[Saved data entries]
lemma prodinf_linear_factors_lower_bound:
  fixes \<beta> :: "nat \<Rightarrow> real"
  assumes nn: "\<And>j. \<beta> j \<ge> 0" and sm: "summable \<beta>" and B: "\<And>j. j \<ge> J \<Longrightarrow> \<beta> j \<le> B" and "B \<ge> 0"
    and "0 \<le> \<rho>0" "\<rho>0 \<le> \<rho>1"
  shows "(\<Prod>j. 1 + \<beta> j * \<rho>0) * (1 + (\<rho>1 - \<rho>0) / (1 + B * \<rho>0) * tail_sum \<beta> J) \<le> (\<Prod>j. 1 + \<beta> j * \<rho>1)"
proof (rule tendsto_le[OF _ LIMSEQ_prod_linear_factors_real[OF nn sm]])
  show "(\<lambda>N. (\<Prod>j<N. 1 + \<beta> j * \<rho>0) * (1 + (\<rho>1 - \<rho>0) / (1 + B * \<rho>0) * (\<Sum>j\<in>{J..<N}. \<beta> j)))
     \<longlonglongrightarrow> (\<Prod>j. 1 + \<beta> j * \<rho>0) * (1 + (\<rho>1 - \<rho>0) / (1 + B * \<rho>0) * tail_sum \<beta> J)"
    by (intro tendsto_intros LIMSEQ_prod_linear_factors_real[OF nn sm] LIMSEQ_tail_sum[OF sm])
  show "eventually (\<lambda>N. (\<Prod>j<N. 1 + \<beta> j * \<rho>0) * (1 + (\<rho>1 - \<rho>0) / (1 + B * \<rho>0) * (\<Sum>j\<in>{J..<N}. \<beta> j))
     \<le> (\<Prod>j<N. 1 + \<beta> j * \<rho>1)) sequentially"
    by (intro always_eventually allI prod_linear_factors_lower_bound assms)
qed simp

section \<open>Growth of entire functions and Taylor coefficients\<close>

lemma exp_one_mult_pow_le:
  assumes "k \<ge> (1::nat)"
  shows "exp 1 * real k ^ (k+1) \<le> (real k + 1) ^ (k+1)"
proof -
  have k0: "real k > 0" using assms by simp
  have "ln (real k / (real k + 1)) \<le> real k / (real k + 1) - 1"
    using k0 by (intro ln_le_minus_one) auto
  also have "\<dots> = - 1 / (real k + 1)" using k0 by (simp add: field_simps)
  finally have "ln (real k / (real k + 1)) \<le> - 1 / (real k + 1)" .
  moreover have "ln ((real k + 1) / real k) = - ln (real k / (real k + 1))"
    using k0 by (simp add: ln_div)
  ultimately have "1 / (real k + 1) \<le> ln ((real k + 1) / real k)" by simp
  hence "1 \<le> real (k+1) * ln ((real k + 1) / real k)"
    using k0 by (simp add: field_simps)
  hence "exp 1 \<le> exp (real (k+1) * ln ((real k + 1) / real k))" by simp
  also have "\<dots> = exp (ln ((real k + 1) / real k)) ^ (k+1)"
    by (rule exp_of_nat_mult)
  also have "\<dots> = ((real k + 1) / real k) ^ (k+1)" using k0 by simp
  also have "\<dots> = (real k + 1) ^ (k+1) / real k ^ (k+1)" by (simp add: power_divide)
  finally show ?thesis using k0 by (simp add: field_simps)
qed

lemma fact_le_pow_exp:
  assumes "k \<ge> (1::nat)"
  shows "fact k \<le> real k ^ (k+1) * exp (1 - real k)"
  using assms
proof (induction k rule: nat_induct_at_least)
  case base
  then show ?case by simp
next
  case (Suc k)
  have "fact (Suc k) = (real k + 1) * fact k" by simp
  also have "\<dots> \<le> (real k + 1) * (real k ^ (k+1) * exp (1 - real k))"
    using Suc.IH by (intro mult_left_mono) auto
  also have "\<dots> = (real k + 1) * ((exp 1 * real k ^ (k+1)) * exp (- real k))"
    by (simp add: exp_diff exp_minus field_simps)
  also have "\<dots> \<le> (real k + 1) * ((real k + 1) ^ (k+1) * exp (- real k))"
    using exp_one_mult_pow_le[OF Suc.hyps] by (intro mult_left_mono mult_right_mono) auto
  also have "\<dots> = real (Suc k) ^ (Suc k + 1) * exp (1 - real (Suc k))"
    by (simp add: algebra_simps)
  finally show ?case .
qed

---

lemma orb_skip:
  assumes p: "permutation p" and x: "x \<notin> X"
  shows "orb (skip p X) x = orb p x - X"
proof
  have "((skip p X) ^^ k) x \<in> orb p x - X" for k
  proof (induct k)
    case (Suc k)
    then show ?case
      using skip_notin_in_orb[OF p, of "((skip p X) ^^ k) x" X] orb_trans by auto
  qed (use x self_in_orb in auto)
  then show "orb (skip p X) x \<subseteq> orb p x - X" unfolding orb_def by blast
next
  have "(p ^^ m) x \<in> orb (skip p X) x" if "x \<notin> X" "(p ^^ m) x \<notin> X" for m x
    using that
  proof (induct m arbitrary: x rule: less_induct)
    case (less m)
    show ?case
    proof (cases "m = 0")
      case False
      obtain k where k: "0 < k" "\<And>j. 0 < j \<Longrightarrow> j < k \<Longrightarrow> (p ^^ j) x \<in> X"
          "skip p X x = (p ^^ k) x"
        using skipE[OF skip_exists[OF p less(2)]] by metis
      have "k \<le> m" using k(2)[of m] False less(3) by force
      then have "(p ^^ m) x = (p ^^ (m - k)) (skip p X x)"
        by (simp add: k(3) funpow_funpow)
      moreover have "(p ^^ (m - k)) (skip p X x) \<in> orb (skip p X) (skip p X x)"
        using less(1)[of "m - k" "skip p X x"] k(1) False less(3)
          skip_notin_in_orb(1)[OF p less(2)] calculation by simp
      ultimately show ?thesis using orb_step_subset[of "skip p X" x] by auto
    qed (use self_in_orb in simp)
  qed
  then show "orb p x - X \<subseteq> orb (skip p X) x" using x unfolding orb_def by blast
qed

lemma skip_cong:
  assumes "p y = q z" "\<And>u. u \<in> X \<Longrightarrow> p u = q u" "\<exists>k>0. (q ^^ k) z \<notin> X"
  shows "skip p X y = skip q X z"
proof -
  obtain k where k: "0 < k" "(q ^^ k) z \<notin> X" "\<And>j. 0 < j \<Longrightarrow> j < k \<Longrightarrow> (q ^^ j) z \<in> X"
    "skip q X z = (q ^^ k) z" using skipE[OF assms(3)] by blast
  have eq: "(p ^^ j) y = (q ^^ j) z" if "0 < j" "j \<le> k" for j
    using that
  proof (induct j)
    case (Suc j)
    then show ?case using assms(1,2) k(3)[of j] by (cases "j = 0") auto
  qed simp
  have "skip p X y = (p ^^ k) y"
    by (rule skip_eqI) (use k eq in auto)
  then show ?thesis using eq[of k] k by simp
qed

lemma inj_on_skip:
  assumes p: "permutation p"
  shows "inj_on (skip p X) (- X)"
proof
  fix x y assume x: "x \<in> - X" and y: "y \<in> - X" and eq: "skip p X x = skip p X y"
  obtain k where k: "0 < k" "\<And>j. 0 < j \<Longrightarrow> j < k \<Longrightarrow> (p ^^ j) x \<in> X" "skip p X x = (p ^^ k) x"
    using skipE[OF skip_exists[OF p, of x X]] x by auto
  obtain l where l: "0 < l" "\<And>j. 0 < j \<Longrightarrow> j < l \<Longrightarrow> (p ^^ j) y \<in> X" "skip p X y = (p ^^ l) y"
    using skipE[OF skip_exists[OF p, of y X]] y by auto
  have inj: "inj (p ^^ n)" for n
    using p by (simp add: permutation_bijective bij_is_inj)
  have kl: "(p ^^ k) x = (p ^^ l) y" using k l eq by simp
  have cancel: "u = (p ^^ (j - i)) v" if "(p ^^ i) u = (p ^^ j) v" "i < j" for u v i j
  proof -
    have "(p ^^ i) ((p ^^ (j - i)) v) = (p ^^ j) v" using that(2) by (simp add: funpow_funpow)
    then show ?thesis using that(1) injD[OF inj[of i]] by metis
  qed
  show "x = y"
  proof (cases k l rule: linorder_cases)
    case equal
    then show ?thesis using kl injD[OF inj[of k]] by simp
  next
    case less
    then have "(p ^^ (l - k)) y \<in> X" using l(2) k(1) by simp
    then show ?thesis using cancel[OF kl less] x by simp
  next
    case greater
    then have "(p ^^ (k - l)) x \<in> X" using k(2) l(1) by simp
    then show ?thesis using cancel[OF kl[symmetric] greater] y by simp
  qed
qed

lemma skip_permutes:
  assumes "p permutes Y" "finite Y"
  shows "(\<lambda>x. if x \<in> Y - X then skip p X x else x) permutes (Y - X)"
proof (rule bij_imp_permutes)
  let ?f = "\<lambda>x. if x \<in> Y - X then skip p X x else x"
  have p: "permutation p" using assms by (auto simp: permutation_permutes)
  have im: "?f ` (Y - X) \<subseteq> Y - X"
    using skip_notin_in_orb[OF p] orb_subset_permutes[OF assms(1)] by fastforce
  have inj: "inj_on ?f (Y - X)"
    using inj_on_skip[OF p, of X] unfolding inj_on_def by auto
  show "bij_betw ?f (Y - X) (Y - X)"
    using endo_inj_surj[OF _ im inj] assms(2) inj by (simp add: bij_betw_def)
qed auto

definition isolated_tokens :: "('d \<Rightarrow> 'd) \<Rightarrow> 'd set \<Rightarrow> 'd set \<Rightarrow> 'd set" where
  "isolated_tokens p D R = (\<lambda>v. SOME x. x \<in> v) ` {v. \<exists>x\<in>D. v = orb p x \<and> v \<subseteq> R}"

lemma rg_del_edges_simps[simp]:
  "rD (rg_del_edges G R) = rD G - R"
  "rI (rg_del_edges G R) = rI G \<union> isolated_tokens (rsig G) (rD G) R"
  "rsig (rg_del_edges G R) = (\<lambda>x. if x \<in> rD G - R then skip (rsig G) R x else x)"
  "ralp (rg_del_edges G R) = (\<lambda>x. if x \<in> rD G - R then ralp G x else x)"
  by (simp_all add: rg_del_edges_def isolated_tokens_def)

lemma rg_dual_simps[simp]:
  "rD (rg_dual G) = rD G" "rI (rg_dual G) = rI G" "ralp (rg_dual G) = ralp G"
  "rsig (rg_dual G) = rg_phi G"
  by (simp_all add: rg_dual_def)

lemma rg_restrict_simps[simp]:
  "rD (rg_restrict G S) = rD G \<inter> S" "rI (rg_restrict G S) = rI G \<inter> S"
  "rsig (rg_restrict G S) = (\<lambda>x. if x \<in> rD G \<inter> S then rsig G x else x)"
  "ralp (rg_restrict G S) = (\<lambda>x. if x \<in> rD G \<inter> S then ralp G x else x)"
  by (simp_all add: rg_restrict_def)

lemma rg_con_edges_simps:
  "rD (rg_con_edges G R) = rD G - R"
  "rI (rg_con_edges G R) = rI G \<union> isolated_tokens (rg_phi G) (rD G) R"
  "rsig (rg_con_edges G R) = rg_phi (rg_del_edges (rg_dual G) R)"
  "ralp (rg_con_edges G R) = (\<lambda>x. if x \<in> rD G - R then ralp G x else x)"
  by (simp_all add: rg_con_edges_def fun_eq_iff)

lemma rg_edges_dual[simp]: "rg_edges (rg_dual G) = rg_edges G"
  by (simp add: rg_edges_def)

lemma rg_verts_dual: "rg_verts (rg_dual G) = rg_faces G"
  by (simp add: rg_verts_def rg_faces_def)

Work to complete
All lines with the word "ralp" must be located in the data and copied.

Response to this exercise
  "ralp (rg_del_edges G R) = (\<lambda>x. if x \<in> rD G - R then ralp G x else x)"
  "rD (rg_dual G) = rD G" "rI (rg_dual G) = rI G" "ralp (rg_dual G) = ralp G"
  "ralp (rg_restrict G S) = (\<lambda>x. if x \<in> rD G \<inter> S then ralp G x else x)"
  "ralp (rg_con_edges G R) = (\<lambda>x. if x \<in> rD G - R then ralp G x else x)"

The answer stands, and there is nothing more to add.